## GIVEN DATA
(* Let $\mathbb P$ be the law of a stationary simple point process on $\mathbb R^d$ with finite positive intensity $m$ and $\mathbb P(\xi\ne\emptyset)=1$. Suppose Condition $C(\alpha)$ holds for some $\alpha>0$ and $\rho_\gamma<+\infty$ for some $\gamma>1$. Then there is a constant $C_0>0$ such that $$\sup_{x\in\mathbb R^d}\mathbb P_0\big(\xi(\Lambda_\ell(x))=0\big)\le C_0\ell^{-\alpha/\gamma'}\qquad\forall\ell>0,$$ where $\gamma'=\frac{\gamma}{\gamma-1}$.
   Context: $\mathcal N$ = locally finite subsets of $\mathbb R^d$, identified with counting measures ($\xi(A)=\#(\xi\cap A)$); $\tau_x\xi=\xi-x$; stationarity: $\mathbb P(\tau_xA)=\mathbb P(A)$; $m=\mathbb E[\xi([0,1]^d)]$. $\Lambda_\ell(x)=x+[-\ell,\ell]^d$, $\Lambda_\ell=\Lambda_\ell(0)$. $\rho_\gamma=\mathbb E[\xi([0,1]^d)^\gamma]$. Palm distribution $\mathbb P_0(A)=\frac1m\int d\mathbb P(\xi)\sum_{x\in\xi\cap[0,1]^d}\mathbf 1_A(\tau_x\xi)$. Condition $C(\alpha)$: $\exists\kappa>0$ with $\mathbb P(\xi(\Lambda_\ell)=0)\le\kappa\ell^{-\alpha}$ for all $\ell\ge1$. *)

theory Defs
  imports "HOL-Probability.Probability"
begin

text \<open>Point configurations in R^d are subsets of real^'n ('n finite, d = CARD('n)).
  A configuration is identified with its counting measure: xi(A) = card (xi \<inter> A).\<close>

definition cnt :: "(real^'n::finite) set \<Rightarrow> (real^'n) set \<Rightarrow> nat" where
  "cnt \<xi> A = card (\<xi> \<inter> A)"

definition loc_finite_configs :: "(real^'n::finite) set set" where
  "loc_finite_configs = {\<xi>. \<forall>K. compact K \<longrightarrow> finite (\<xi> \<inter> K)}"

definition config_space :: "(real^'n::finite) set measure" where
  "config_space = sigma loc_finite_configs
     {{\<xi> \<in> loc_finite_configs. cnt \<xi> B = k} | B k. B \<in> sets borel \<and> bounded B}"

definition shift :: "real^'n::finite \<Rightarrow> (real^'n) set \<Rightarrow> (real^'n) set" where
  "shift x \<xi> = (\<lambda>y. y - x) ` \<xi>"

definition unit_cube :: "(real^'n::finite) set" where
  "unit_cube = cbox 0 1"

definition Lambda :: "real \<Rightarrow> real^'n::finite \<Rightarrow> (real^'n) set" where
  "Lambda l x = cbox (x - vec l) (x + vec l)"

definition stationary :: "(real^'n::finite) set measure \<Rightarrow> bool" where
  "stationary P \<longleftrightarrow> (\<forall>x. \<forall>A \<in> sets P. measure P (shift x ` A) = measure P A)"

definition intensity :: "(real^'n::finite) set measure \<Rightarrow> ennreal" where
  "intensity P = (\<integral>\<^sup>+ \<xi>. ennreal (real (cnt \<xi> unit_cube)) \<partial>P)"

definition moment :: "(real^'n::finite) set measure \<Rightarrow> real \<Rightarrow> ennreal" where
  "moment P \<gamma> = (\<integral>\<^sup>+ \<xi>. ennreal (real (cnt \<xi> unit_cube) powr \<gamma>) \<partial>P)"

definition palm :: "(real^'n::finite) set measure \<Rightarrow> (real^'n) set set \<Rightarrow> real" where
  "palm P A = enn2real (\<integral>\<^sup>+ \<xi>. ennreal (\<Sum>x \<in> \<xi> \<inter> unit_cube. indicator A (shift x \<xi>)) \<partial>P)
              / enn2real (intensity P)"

## TASK REQUIREMENTS
Lines with the string "shift": pick each one out of the material and return it.

## RESULT BELOW
definition shift :: "real^'n::finite \<Rightarrow> (real^'n) set \<Rightarrow> (real^'n) set" where
  "shift x \<xi> = (\<lambda>y. y - x) ` \<xi>"
  "stationary P \<longleftrightarrow> (\<forall>x. \<forall>A \<in> sets P. measure P (shift x ` A) = measure P A)"
  "palm P A = enn2real (\<integral>\<^sup>+ \<xi>. ennreal (\<Sum>x \<in> \<xi> \<inter> unit_cube. indicator A (shift x \<xi>)) \<partial>P)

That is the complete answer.